I’ve often encouraged people to consider coming in for an acupuncture/Chinese medical consultation as an alternate opinion to their western diagnoses(s). Let me explain why this can be valuable.
As you know, I’ve straddled both Western medicine (also referred to as allopathic medicine) and Eastern medicine worlds during my career as a health practitioner (first as a registered nurse and now as an acupuncturist). I can say that looking at a patient through both lenses simultaneously has afforded me the ability to see a situation completely holistically. I value both approaches and I recognize that there are times when one side trumps the other side.
The idea of a second opinion according to Eastern medicine is about you the patient, being able to understand yourself and your Western diagnosis from both perspectives. Additionally, you become better able to map out a treatment plan for yourself that embraces you as a whole rather than just a part (or just your symptom). A well trained acupuncturist is going to be able to help you to design an approach to your chief complaint (symptom, diagnosis etc.) that will incorporate other alternative modalities in addition to acupuncture.
For example, I received a telephone call last night from a distraught mother of a 17 year old high school senior. Her daughter, who has always been extremely perfectionistic and conscientious student, has become extremely anxious with the start of her senior year. She is often in tears by dinner time because of her workload and the demands she places on herself which exceed what the teacher(s) expect. She is now seeing a therapist and starting on an anti-anxiety medication. Fortunately, both doctors have recommended acupuncture as well.
In chatting with the much stressed mother, I discovered that her daughter is very active in sports and school teams. She does not eat meat, and her menstrual cycle stopped last spring. Her sleep has also been disrupted.

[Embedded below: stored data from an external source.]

fun cf_with_tail :: "nat list \<Rightarrow> rat \<Rightarrow> rat" where
  "cf_with_tail [] t = t"
| "cf_with_tail (c # cs) t = of_nat c + 1 / cf_with_tail cs t"

lemma cf_val_append: "cs \<noteq> [] \<Longrightarrow> cf_val (pre @ cs) = cf_with_tail pre (cf_val cs)"
  by (induction pre) (simp_all add: cf_val_Cons)

lemma cf_with_tail_pos: "t > 0 \<Longrightarrow> cf_with_tail pre t > 0"
  by (induction pre) (simp_all add: add_nonneg_pos)

lemma inverse_strictly_between:
  fixes u v w :: "'a::linordered_field"
  assumes "0 < u" "0 < v" "min (1 / u) (1 / v) < w" "w < max (1 / u) (1 / v)"
  shows "0 < w" "min u v < 1 / w" "1 / w < max u v"
proof -
  have "0 < min (1 / u) (1 / v)"
    using assms(1,2) by simp
  then show "0 < w"
    using assms(3) by linarith
  have flip: "a < 1 / w \<longleftrightarrow> w < 1 / a" "1 / w < a \<longleftrightarrow> 1 / a < w" if "0 < a" for a
    using that \<open>0 < w\<close> by (simp_all add: field_simps)
  have "1 / u \<le> 1 / v \<longleftrightarrow> v \<le> u"
    using assms(1,2) by (simp add: field_simps)
  then show "min u v < 1 / w" "1 / w < max u v"
    using assms(3,4) flip[OF assms(1)] flip[OF assms(2)] by (auto simp: min_def max_def)
qed

lemma between_cf_with_tail:
  assumes "pre \<noteq> []" "\<forall>c\<in>set pre. c \<ge> 1" "A > 0"
    and "min (cf_val pre) (cf_with_tail pre A) < y" "y < max (cf_val pre) (cf_with_tail pre A)"
  shows "\<exists>t>A. y = cf_with_tail pre t"
  using assms
proof (induction pre arbitrary: y)
  case (Cons c pre)
  show ?case
  proof (cases "pre = []")
    case True
    have "of_nat c \<le> of_nat c + 1 / A"
      using \<open>A > 0\<close> by simp
    with Cons.prems(4,5) True have "0 < y - of_nat c" "y - of_nat c < 1 / A"
      by (simp_all add: min_absorb1 max_absorb2)
    then have "A < 1 / (y - of_nat c)"
      using \<open>A > 0\<close> by (simp add: less_divide_eq mult.commute)
    moreover have "y = cf_with_tail [c] (1 / (y - of_nat c))"
      by simp
    ultimately show ?thesis
      using True by blast
  next
    case False
    let ?u = "cf_val pre" and ?v = "cf_with_tail pre A"
    have "?u \<ge> 1"
      using cf_val_ge_1[OF False] Cons.prems(2) by simp
    moreover have "?v > 0"
      using cf_with_tail_pos[OF \<open>A > 0\<close>] .
    moreover have "min (1 / ?u) (1 / ?v) < y - of_nat c" "y - of_nat c < max (1 / ?u) (1 / ?v)"
      using Cons.prems(4,5) min_add_distrib_right[of "of_nat c" "1 / ?u" "1 / ?v"]
        max_add_distrib_right[of "of_nat c" "1 / ?u" "1 / ?v"]
      by (simp_all add: cf_val_Cons[OF False])
    ultimately have w: "0 < y - of_nat c"
      "min ?u ?v < 1 / (y - of_nat c)" "1 / (y - of_nat c) < max ?u ?v"
      using inverse_strictly_between[of ?u ?v "y - of_nat c"] by simp_all
    then obtain t where "t > A" "1 / (y - of_nat c) = cf_with_tail pre t"
      using Cons.IH[OF False] Cons.prems(2,3) by auto
    then have "y = cf_with_tail (c # pre) t"
      using w(1) by (simp flip: \<open>1 / (y - of_nat c) = cf_with_tail pre t\<close>)
    with \<open>t > A\<close> show ?thesis by blast
  qed
qed simp

lemma cf_val_exists_nat:
  "0 < q \<Longrightarrow> q \<le> p \<Longrightarrow> \<exists>cs. cs \<noteq> [] \<and> (\<forall>c\<in>set cs. c \<ge> 1) \<and>
     cf_val cs = of_nat p / of_nat q \<and> hd cs = p div q"
proof (induction q arbitrary: p rule: less_induct)
  case (less q)
  have head: "p div q \<ge> 1"
    using less.prems by (simp add: Suc_le_eq div_greater_zero_iff)
  have euclid: "of_nat p = of_nat (p div q) * of_nat q + (of_nat (p mod q) :: rat)"
    by (metis of_nat_add of_nat_mult div_mult_mod_eq)
  show ?case
  proof (cases "p mod q = 0")
    case True
    then have "cf_val [p div q] = of_nat p / of_nat q"
      using euclid less.prems by simp
    then show ?thesis
      using head by (intro exI[of _ "[p div q]"]) auto
  next
    case False
    then obtain cs where cs: "cs \<noteq> []" "\<forall>c\<in>set cs. c \<ge> 1" "cf_val cs = of_nat q / of_nat (p mod q)"
      using less.IH[of "p mod q" q] less.prems by auto
    have "cf_val (p div q # cs) = of_nat (p div q) + of_nat (p mod q) / of_nat q"
      using cs by (simp add: cf_val_Cons)
    also have "\<dots> = of_nat p / of_nat q"
      using euclid less.prems by (simp add: field_simps)
    finally show ?thesis
      using cs head by (intro exI[of _ "p div q # cs"]) auto
  qed
qed

lemma cf_val_exists:
  fixes t :: rat
  assumes "t \<ge> 1"
  shows "\<exists>cs. cs \<noteq> [] \<and> (\<forall>c\<in>set cs. c \<ge> 1) \<and> cf_val cs = t \<and> hd cs = nat \<lfloor>t\<rfloor>"
proof -
  obtain n d where nd: "quotient_of t = (n, d)"
    by (cases "quotient_of t")
  then have t: "t = of_int n / of_int d" and "d > 0"
    using quotient_of_div quotient_of_denom_pos by blast+
  then have "n > 0"
    using assms by (simp add: zero_less_divide_iff order_less_le_trans[OF zero_less_one])
  define p q where "p = nat n" and "q = nat d"
  have tpq: "t = of_nat p / of_nat q" and "q > 0"
    unfolding p_def q_def using t \<open>n > 0\<close> \<open>d > 0\<close> by simp_all
  then have "q \<le> p"
    using assms by (simp add: le_divide_eq_1)
  with cf_val_exists_nat[OF \<open>q > 0\<close>] show ?thesis
    unfolding tpq floor_divide_of_nat_eq by simp
qed

section \<open>Orders of q-deformed continued fractions\<close>

lemma qint_True_subdegree:
  assumes "c \<ge> 1" shows "qint True c \<noteq> 0" "fls_subdegree (qint True c) = 0"
proof -
  have "fls_nth (qint True c) 0 = 1"
    using assms by (simp add: qint_def fls_nth_sum)
  moreover have "\<And>k. k < 0 \<Longrightarrow> fls_nth (qint True c) k = 0"
    by (simp add: qint_def fls_nth_sum)
  ultimately show "qint True c \<noteq> 0" "fls_subdegree (qint True c) = 0"
    by (auto intro: fls_nonzeroI fls_subdegree_eqI)
qed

According to Chinese medicine we address issues such as Qi (pronounced Chee; qi is the energy that courses throughout our bodies) and Blood (capitalized here because it pertains to more than the red stuff that runs through your veins). I’ve made a preliminary assessment by phone that her daughter is ‘blood deficient’ (different then what western medicine would consider anemia). While her doctor was not concerned about the periods stopping for now, I had a different assessment. The cessation of her menstrual cycle is a sign that her body needs to retain as much blood as it can, and not lose more blood. With a blood deficiency, especially if it is pronounced, her daughter will not have the capacity (energetically or physically) to will herself into a calmer state. Her anxiety is partially a result of the blood deficiency. I explained to the mother that nutrition counseling and some blood building menu recipes would be incorporated into our discussion when they came in for their full evaluation.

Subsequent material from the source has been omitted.